# Plant/weed ID



## StringSlap (Mar 2, 2019)

Anyone know what this is? Went to pull it out and found out it's very well protected!


----------



## Sean Khan (Mar 27, 2020)

If it's got white sap then it *might* be "wild lettuce". (I could be wrong of course)

https://www.healthline.com/nutrition/wild-lettuce#what-it-is

Wild lettuce has bright green leaves, which sprout from a green stem that's occasionally spotted purple.

When scratched, the plant secretes a milky white substance known as lactucarium.

When dried, this compound *resembles opium*, a pain-relieving agent extracted from unripe seedpods of the opium poppy. Opium was commonly used as a pain reliever and sedative from ancient times into the 19th century.

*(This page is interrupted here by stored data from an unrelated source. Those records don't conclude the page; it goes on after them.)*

lemma psd_toeplitz_trig_pairing_fejer:
  fixes \<tau> :: "nat \<Rightarrow> nat \<Rightarrow> int \<Rightarrow> complex" and G :: "nat \<Rightarrow> nat \<Rightarrow> complex \<Rightarrow> complex"
  assumes "0 < n" "n \<le> N"
    and T: "psd ({..<p} \<times> {..<n}) (\<lambda>(i, k) (j, l). \<tau> i j (int k - int l))"
    and \<alpha>: "\<And>k l. k < q \<Longrightarrow> l < q \<Longrightarrow> has_trig_coeffs n (G k l) (\<alpha> k l)"
    and pos: "\<And>z. cmod z = 1 \<Longrightarrow> psd {..<q} (\<lambda>k l. G k l z)"
  shows "psd ({..<p} \<times> {..<q})
    (\<lambda>(i, k) (j, l). \<Sum>m\<in>trig_freqs n. of_nat (N - nat \<bar>m\<bar>) * (\<tau> i j m * \<alpha> k l (- m)))"
proof -
  define \<alpha>' where "\<alpha>' k l m = (if m \<in> trig_freqs n then \<alpha> k l m else 0)" for k l m
  obtain M where M: "psd ({..<p} \<times> {..<N}) M" and band: "\<forall>i<p. \<forall>j<p. \<forall>a<N. \<forall>b<N.
      \<bar>int a - int b\<bar> < int n \<longrightarrow> M (i, a) (j, b) = \<tau> i j (int a - int b)"
    using psd_block_toeplitz_band_extension[OF assms(1) T assms(2)] by auto
  have Tq: "psd ({..<N} \<times> {..<q}) (\<lambda>(a, k) (b, l). \<alpha>' k l (int b - int a))"
    using psd_block_toeplitz_of_pos_trig[OF \<alpha> pos] unfolding \<alpha>'_def by blast
  let ?I = "({..<p} \<times> {..<q}) \<times> {..<N}"
  have "psd ?I (\<lambda>x y. M ((\<lambda>((i, k), a). (i, a)) x) ((\<lambda>((i, k), a). (i, a)) y))"
    by (rule psd_pullback[OF _ M]) auto
  moreover have "psd ?I (\<lambda>x y. (\<lambda>(a, k) (b, l). \<alpha>' k l (int b - int a))
      ((\<lambda>((i, k), a). (a, k)) x) ((\<lambda>((i, k), a). (a, k)) y))"
    by (rule psd_pullback[OF _ Tq]) auto
  ultimately have "psd ?I (\<lambda>((i, k), a) ((j, l), b). M (i, a) (j, b) * \<alpha>' k l (int b - int a))"
    by (auto dest: psd_schur_product[rotated] simp: case_prod_beta')
  from psd_partial_trace[OF this]
  have trace: "psd ({..<p} \<times> {..<q}) (\<lambda>(i, k) (j, l).
      \<Sum>a<N. \<Sum>b<N. M (i, a) (j, b) * \<alpha>' k l (int b - int a))"
    by (simp add: case_prod_beta')
  have fejer: "(\<Sum>a<N. \<Sum>b<N. M (i, a) (j, b) * \<alpha>' k l (int b - int a)) =
      (\<Sum>m\<in>trig_freqs n. of_nat (N - nat \<bar>m\<bar>) * (\<tau> i j m * \<alpha> k l (- m)))"
    if "i < p" "j < p" for i j k l
  proof -
    have "(\<Sum>a<N. \<Sum>b<N. M (i, a) (j, b) * \<alpha>' k l (int b - int a)) =
        (\<Sum>a<N. \<Sum>b<N. \<tau> i j (int a - int b) * \<alpha>' k l (- (int a - int b)))"
      using band that by (intro sum.cong refl) (auto simp: \<alpha>'_def mem_trig_freqs)
    also have "\<dots> = (\<Sum>m\<in>trig_freqs n. of_nat (N - nat \<bar>m\<bar>) * (\<tau> i j m * \<alpha>' k l (- m)))"
      by (rule double_sum_index_diff) (auto simp: \<alpha>'_def)
    finally show ?thesis by (simp add: \<alpha>'_def)
  qed
  show ?thesis using trace by (rule iffD1[OF psd_cong, rotated]) (auto simp: fejer)
qed
text \<open>A maximal ideal contains some \<open>x\<^sub>i - a\<^sub>i\<close> for every coordinate; then every \<open>f\<close> is congruent
  to its value at \<open>a\<close>, which must vanish on \<open>J\<close>. The \<open>a\<^sub>i\<close> with \<open>i < d\<close> are nonzero because
  \<open>x\<^sub>i\<close> is a unit of the ring.\<close>
theorem weak_nullstellensatz:
  assumes J: "ring_d_ideal d J" and "1 \<notin> J"
  shows "\<exists>x. (\<forall>i<d. x i \<noteq> 0) \<and> (\<forall>i>d. x i = 0) \<and> (\<forall>f\<in>J. leval x f = 0)"
proof -
  obtain m where m: "maximal_ideal d m" "J \<subseteq> m"
    using ex_maximal_ideal[OF assms] by blast
  then have K: "ring_d_ideal d m" "1 \<notin> m" by (auto simp: maximal_ideal_def)
  obtain a where a: "\<And>i. i \<le> d \<Longrightarrow> lvar i - lconst (a i) \<in> m"
    using maximal_ideal_var_value[OF m(1)] by metis
  define x where "x i = (if i \<le> d then a i else 0)" for i
  have lvar_cong: "lvar i - lconst (x i) \<in> m" if "i \<le> d" for i using a that by (simp add: x_def)
  have x_nonzero: "x i \<noteq> 0" if i: "i < d" for i
  proof
    assume "x i = 0"
    then have "lvar_inv i * lvar i \<in> m"
      using lvar_cong[of i] i by (intro ideal_mult_left[OF K(1)] ring_d_lvar_inv) auto
    moreover have "lvar_inv i * lvar i = 1" by (simp add: mult.commute[of "lvar_inv i"] lvar_mult_lvar_inv)
    ultimately show False using K(2) by simp
  qed
  have "leval x f = 0" if "f \<in> J" for f
  proof (rule ccontr)
    assume "leval x f \<noteq> 0"
    have "f \<in> m" using that m(2) by blast
    moreover have "f - lconst (leval x f) \<in> m"
      using \<open>f \<in> m\<close> ideal_subset[OF K(1)] by (intro lpoly_cong_value[OF K(1) lvar_cong x_nonzero])
    ultimately have "f - (f - lconst (leval x f)) \<in> m" by (rule ideal_diff[OF K(1)])
    then show False using ideal_lconst_imp_one[OF K(1)] K(2) \<open>leval x f \<noteq> 0\<close> by simp
  qed
  moreover have "\<forall>i>d. x i = 0" by (simp add: x_def)
  ultimately show ?thesis using x_nonzero by blast
qed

Lactucarium *may deliver similar effects as opium - but with fewer side effects.*

In fact, wild lettuce is often referred to as *"opium lettuce"* due to its purported pain-relieving qualities.

Historically, doctors used wild lettuce as a pain reliever and a treatment for conditions such as whooping cough, with research studies on its use dating as far back as 1815.

Today you can find many different wild lettuce products that contain extracts of the plant's seeds, leaves, and milky sap.

These tinctures, powders, oils, and pills are marketed to treat a range of conditions, including:


anxiety
breathing issues
poor sleep
joint pain

In addition, wild lettuce has psychoactive properties and is sometimes *used recreationally by people looking for a natural buzz.*

*After reading what I copy/pasted above, DO NOT GO AHEAD AND EAT IT.*

*I am only guessing! I am a NINJA... not a botanist. h34r: *

BTW, there is an app to ID plants. I forget the name but you can Google it.


----------



## Sean Khan (Mar 27, 2020)

Yeah.... 82% chance I was correct the first time. It's "wild lettuce" aka "bitter lettuce" aka "opium lettuce". I thought it looked familiar. It's native to Pakistan and cow-dung land.









https://identify.plantnet.org/

I just installed the app too.

https://play.google.com/store/apps/details?id=org.plantnet


----------



## boomslang (Jun 22, 2018)

Good call on that one Sean. whole lot of interesting botanicals out there..........g


----------



## KawKan (May 11, 2013)

If that was in a Kansas field, I'd say it was a Canada Thistle.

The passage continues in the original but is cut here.